Task instructions: Each entry is to be output as written, so that none is missing.

Stored data
--------------------------------------------------

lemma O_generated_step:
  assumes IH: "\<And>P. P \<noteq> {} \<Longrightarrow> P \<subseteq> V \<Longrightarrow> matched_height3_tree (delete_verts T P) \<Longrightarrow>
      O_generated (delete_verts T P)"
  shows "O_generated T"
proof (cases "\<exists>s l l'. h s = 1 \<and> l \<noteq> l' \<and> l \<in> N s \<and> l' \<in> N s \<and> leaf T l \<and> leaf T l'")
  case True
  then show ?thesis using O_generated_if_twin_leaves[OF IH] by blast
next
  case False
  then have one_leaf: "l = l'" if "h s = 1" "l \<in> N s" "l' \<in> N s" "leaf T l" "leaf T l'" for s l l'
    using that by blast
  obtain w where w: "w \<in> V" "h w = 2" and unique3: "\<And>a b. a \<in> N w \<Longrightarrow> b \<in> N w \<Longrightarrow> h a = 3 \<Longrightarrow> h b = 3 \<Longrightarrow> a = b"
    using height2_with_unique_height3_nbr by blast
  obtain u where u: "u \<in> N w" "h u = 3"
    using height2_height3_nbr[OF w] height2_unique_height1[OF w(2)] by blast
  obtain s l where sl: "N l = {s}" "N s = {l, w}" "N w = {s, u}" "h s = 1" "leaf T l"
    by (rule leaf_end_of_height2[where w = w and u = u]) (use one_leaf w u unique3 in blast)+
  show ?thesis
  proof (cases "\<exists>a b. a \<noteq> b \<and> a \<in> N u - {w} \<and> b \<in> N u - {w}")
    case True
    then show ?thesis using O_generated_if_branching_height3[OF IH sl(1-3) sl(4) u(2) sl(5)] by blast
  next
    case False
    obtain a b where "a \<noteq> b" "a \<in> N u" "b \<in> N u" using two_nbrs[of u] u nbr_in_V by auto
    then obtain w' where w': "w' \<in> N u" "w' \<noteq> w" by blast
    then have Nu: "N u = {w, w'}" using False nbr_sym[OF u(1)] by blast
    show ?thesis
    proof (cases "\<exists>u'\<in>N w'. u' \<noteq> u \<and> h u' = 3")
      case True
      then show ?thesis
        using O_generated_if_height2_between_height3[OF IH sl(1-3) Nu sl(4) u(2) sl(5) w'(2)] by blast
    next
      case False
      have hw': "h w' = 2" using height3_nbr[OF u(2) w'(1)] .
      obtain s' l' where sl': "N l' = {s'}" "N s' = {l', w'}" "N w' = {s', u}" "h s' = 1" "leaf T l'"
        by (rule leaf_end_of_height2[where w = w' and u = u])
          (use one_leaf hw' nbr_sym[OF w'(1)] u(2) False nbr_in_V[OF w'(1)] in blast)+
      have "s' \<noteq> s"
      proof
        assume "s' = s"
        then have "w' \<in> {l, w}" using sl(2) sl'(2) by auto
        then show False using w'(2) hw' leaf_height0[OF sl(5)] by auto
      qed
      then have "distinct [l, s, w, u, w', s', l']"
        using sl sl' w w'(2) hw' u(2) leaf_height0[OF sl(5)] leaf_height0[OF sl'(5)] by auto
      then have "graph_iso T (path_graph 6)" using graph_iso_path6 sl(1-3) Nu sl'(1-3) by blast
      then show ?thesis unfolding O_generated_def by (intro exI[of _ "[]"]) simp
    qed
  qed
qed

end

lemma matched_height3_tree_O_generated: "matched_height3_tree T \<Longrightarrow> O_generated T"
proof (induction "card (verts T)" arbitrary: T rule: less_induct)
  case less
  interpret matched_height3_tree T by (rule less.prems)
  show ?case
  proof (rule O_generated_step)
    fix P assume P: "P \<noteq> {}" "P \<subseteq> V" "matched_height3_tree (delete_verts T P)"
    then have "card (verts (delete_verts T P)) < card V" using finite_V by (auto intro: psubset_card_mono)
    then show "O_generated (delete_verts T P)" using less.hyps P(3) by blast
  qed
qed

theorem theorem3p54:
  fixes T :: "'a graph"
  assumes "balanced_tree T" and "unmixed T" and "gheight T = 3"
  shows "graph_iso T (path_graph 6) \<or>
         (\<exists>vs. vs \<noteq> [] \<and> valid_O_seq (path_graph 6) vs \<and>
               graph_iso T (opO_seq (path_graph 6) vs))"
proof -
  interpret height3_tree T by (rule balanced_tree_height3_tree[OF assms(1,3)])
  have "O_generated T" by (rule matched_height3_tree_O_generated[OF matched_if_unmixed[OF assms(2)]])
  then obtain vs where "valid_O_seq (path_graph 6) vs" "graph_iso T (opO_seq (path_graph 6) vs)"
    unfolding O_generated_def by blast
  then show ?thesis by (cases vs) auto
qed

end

--------------------------------------------------

Result for this exercise:
lemma O_generated_step:
  assumes IH: "\<And>P. P \<noteq> {} \<Longrightarrow> P \<subseteq> V \<Longrightarrow> matched_height3_tree (delete_verts T P) \<Longrightarrow>
      O_generated (delete_verts T P)"
  shows "O_generated T"
proof (cases "\<exists>s l l'. h s = 1 \<and> l \<noteq> l' \<and> l \<in> N s \<and> l' \<in> N s \<and> leaf T l \<and> leaf T l'")
  case True
  then show ?thesis using O_generated_if_twin_leaves[OF IH] by blast
next
  case False
  then have one_leaf: "l = l'" if "h s = 1" "l \<in> N s" "l' \<in> N s" "leaf T l" "leaf T l'" for s l l'
    using that by blast
  obtain w where w: "w \<in> V" "h w = 2" and unique3: "\<And>a b. a \<in> N w \<Longrightarrow> b \<in> N w \<Longrightarrow> h a = 3 \<Longrightarrow> h b = 3 \<Longrightarrow> a = b"
    using height2_with_unique_height3_nbr by blast
  obtain u where u: "u \<in> N w" "h u = 3"
    using height2_height3_nbr[OF w] height2_unique_height1[OF w(2)] by blast
  obtain s l where sl: "N l = {s}" "N s = {l, w}" "N w = {s, u}" "h s = 1" "leaf T l"
    by (rule leaf_end_of_height2[where w = w and u = u]) (use one_leaf w u unique3 in blast)+
  show ?thesis
  proof (cases "\<exists>a b. a \<noteq> b \<and> a \<in> N u - {w} \<and> b \<in> N u - {w}")
    case True
    then show ?thesis using O_generated_if_branching_height3[OF IH sl(1-3) sl(4) u(2) sl(5)] by blast
  next
    case False
    obtain a b where "a \<noteq> b" "a \<in> N u" "b \<in> N u" using two_nbrs[of u] u nbr_in_V by auto
    then obtain w' where w': "w' \<in> N u" "w' \<noteq> w" by blast
    then have Nu: "N u = {w, w'}" using False nbr_sym[OF u(1)] by blast
    show ?thesis
    proof (cases "\<exists>u'\<in>N w'. u' \<noteq> u \<and> h u' = 3")
      case True
      then show ?thesis
        using O_generated_if_height2_between_height3[OF IH sl(1-3) Nu sl(4) u(2) sl(5) w'(2)] by blast
    next
      case False
      have hw': "h w' = 2" using height3_nbr[OF u(2) w'(1)] .
      obtain s' l' where sl': "N l' = {s'}" "N s' = {l', w'}" "N w' = {s', u}" "h s' = 1" "leaf T l'"
        by (rule leaf_end_of_height2[where w = w' and u = u])
          (use one_leaf hw' nbr_sym[OF w'(1)] u(2) False nbr_in_V[OF w'(1)] in blast)+
      have "s' \<noteq> s"
      proof
        assume "s' = s"
        then have "w' \<in> {l, w}" using sl(2) sl'(2) by auto
        then show False using w'(2) hw' leaf_height0[OF sl(5)] by auto
      qed
      then have "distinct [l, s, w, u, w', s', l']"
        using sl sl' w w'(2) hw' u(2) leaf_height0[OF sl(5)] leaf_height0[OF sl'(5)] by auto
      then have "graph_iso T (path_graph 6)" using graph_iso_path6 sl(1-3) Nu sl'(1-3) by blast
      then show ?thesis unfolding O_generated_def by (intro exI[of _ "[]"]) simp
    qed
  qed
qed

end

lemma matched_height3_tree_O_generated: "matched_height3_tree T \<Longrightarrow> O_generated T"
proof (induction "card (verts T)" arbitrary: T rule: less_induct)
  case less
  interpret matched_height3_tree T by (rule less.prems)
  show ?case
  proof (rule O_generated_step)
    fix P assume P: "P \<noteq> {}" "P \<subseteq> V" "matched_height3_tree (delete_verts T P)"
    then have "card (verts (delete_verts T P)) < card V" using finite_V by (auto intro: psubset_card_mono)
    then show "O_generated (delete_verts T P)" using less.hyps P(3) by blast
  qed
qed

theorem theorem3p54:
  fixes T :: "'a graph"
  assumes "balanced_tree T" and "unmixed T" and "gheight T = 3"
  shows "graph_iso T (path_graph 6) \<or>
         (\<exists>vs. vs \<noteq> [] \<and> valid_O_seq (path_graph 6) vs \<and>
               graph_iso T (opO_seq (path_graph 6) vs))"
proof -
  interpret height3_tree T by (rule balanced_tree_height3_tree[OF assms(1,3)])
  have "O_generated T" by (rule matched_height3_tree_O_generated[OF matched_if_unmixed[OF assms(2)]])
  then obtain vs where "valid_O_seq (path_graph 6) vs" "graph_iso T (opO_seq (path_graph 6) vs)"
    unfolding O_generated_def by blast
  then show ?thesis by (cases vs) auto
qed

end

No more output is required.